# Brief
Pull from the data below each line where the word "True" occurs, and copy it.

Items from a data source
# # # # #
text \<open>Charging each heavy pair \<open>(a, b)\<close> to \<open>sqrt (fiber_card n g a) * sqrt (fiber_card n h b)\<close>
  makes the expander mixing lemma applicable.\<close>

lemma heavy_fibers_degree_le:
  assumes reg: "regular_graph n d E" and sp: "spectral_expander n E lam" and lam: "0 \<le> lam"
    and g: "\<And>u. u < n \<Longrightarrow> g u < n" and h: "\<And>v. v < n \<Longrightarrow> h v < n" and T: "0 < T"
    and heavy: "\<And>a b. \<Phi> a b \<Longrightarrow> T < fiber_card n g a \<and> fiber_card n h b \<le> fiber_card n g a"
  shows "(\<Sum>a<n. \<Sum>v<n. if \<Phi> a (h v) then adj E a (h v) else 0) \<le> real d * real n / sqrt T + lam * real n"
proof -
  define X where "X a = (if T < fiber_card n g a then sqrt (fiber_card n g a) else 0)" for a
  define Z where "Z b = sqrt (fiber_card n h b)" for b
  have "(\<Sum>a<n. \<Sum>v<n. if \<Phi> a (h v) then adj E a (h v) else 0)
      = (\<Sum>a<n. \<Sum>b<n. fiber_card n h b * (if \<Phi> a b then adj E a b else 0))"
    by (rule sum.cong[OF refl], rule sum_comp_eq_sum_fiber_card[OF h])
  also have "\<dots> \<le> (\<Sum>a<n. \<Sum>b<n. X a * adj E a b * Z b)"
  proof (intro sum_mono)
    fix a b
    show "fiber_card n h b * (if \<Phi> a b then adj E a b else 0) \<le> X a * adj E a b * Z b"
    proof (cases "\<Phi> a b")
      case True
      then have "T < fiber_card n g a" and hg: "fiber_card n h b \<le> fiber_card n g a"
        using heavy by auto
      have "fiber_card n h b = sqrt (fiber_card n h b) * sqrt (fiber_card n h b)"
        by simp
      also have "\<dots> \<le> sqrt (fiber_card n g a) * sqrt (fiber_card n h b)"
        using hg by (intro mult_right_mono) auto
      finally have "adj E a b * fiber_card n h b \<le> adj E a b * (sqrt (fiber_card n g a) * sqrt (fiber_card n h b))"
        by (rule mult_left_mono) simp
      then show ?thesis
        using True \<open>T < fiber_card n g a\<close> by (simp add: X_def Z_def ac_simps)
    qed (simp add: X_def Z_def)
  qed
  also have "\<dots> \<le> real d / real n * ((\<Sum>a<n. X a) * (\<Sum>b<n. Z b))
      + lam * (sqrt (\<Sum>a<n. (X a)\<^sup>2) * sqrt (\<Sum>b<n. (Z b)\<^sup>2))"
    using expander_mixing_upper[OF reg sp lam, of X Z] by (simp only: mult.assoc)
  also have "\<dots> \<le> real d / real n * (real n / sqrt T * real n) + lam * real n"
    using heavy_fiber_weights_bound[OF g h T] lam unfolding X_def Z_def
    by (intro add_mono mult_left_mono) auto
  also have "\<dots> \<le> real d * real n / sqrt T + lam * real n"
    by (cases "n = 0") simp_all
  finally show ?thesis .
qed

lemma fiber_mixing_le:
  assumes reg: "regular_graph n d E" and sp: "spectral_expander n E lam" and lam: "0 \<le> lam"
  shows "(\<Sum>u | u < n \<and> g u = a. \<Sum>v<n. if \<Psi> v then adj E a (h v) * (real d / real n - adj E u v) else 0)
    \<le> lam * sqrt (fiber_card n g a) * sqrt (\<Sum>v<n. if \<Psi> v then adj E a (h v) else 0)"
proof -
  define c where "c = real d / real n"
  define x where "x u = (if g u = a then 1 else 0 :: real)" for u
  define y where "y v = (if \<Psi> v then adj E a (h v) else 0)" for v
  define F where "F u = (\<Sum>v<n. if \<Psi> v then adj E a (h v) * (c - adj E u v) else 0)" for u
  have "(\<Sum>u | u < n \<and> g u = a. F u) = (\<Sum>u<n. if g u = a then F u else 0)"
    using sum.inter_filter[of "{..<n}" F "\<lambda>u. g u = a"] by simp
  also have "\<dots> = (\<Sum>u<n. - (\<Sum>v<n. x u * y v * (adj E u v - c)))"
    by (intro sum.cong) (auto simp: F_def x_def y_def algebra_simps sum_negf[symmetric] intro!: sum.cong)
  also have "\<dots> \<le> lam * sqrt (\<Sum>u<n. (x u)\<^sup>2) * sqrt (\<Sum>v<n. (y v)\<^sup>2)"
    using expander_mixing[OF reg sp lam, of x y] unfolding c_def sum_negf by linarith
  also have "(\<Sum>u<n. (x u)\<^sup>2) = (\<Sum>u<n. of_bool (g u = a))"
    by (intro sum.cong) (simp_all add: x_def)
  also have "\<dots> = fiber_card n g a"
    by (simp add: fiber_card_def Int_def)
  also have "(\<Sum>v<n. (y v)\<^sup>2) = (\<Sum>v<n. if \<Psi> v then adj E a (h v) else 0)"
    by (intro sum.cong) (simp_all add: y_def)
  finally show ?thesis
    unfolding F_def c_def .
qed

lemma edge_bias_heavy_le:
  assumes reg: "regular_graph n d E" and sp: "spectral_expander n E lam" and lam: "0 \<le> lam"
    and g: "\<And>u. u < n \<Longrightarrow> g u < n" and h: "\<And>v. v < n \<Longrightarrow> h v < n" and T: "0 < T"
    and heavy: "\<And>a b. \<Phi> a b \<Longrightarrow> T < fiber_card n g a \<and> fiber_card n h b \<le> fiber_card n g a"
  shows "(\<Sum>u<n. \<Sum>v<n. if \<Phi> (g u) (h v) then adj E (g u) (h v) * (real d / real n - adj E u v) else 0)
    \<le> lam * sqrt (real n) * sqrt (real d * real n / sqrt T + lam * real n)"
proof -
  define Y where "Y a = (\<Sum>v<n. if \<Phi> a (h v) then adj E a (h v) else 0)" for a
  have "(\<Sum>u<n. \<Sum>v<n. if \<Phi> (g u) (h v) then adj E (g u) (h v) * (real d / real n - adj E u v) else 0)
      = (\<Sum>a<n. \<Sum>u | u < n \<and> g u = a.
          \<Sum>v<n. if \<Phi> a (h v) then adj E a (h v) * (real d / real n - adj E u v) else 0)"
    by (rule sum_over_fibers[OF g])
  also have "\<dots> \<le> (\<Sum>a<n. lam * sqrt (fiber_card n g a) * sqrt (Y a))"
    unfolding Y_def by (intro sum_mono fiber_mixing_le[OF reg sp lam])
  also have "\<dots> = lam * (\<Sum>a<n. sqrt (fiber_card n g a) * sqrt (Y a))"
    by (simp add: sum_distrib_left mult.assoc)
  also have "\<dots> \<le> lam * (sqrt (real n) * sqrt (\<Sum>a<n. Y a))"
  proof (rule mult_left_mono)
    have "(\<Sum>a<n. sqrt (fiber_card n g a) * sqrt (Y a))
        \<le> sqrt (\<Sum>a<n. (sqrt (fiber_card n g a))\<^sup>2) * sqrt (\<Sum>a<n. (sqrt (Y a))\<^sup>2)"
      using abs_sum_mult_le[of "\<lambda>a. sqrt (fiber_card n g a)" "\<lambda>a. sqrt (Y a)" "{..<n}"] by linarith
    also have "\<dots> = sqrt (real n) * sqrt (\<Sum>a<n. Y a)"
      by (simp add: Y_def sum_nonneg sum_fiber_card[of n g, OF g])
    finally show "(\<Sum>a<n. sqrt (fiber_card n g a) * sqrt (Y a)) \<le> sqrt (real n) * sqrt (\<Sum>a<n. Y a)" .
  qed (rule lam)
  also have "\<dots> \<le> lam * (sqrt (real n) * sqrt (real d * real n / sqrt T + lam * real n))"
    using heavy_fibers_degree_le[OF reg sp lam g h T heavy] lam unfolding Y_def
    by (intro mult_left_mono real_sqrt_le_mono) auto
  finally show ?thesis
    by (simp add: mult.assoc)
qed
# # # # #
# Solution to the exercise
      case True
        using True \<open>T < fiber_card n g a\<close> by (simp add: X_def Z_def ac_simps)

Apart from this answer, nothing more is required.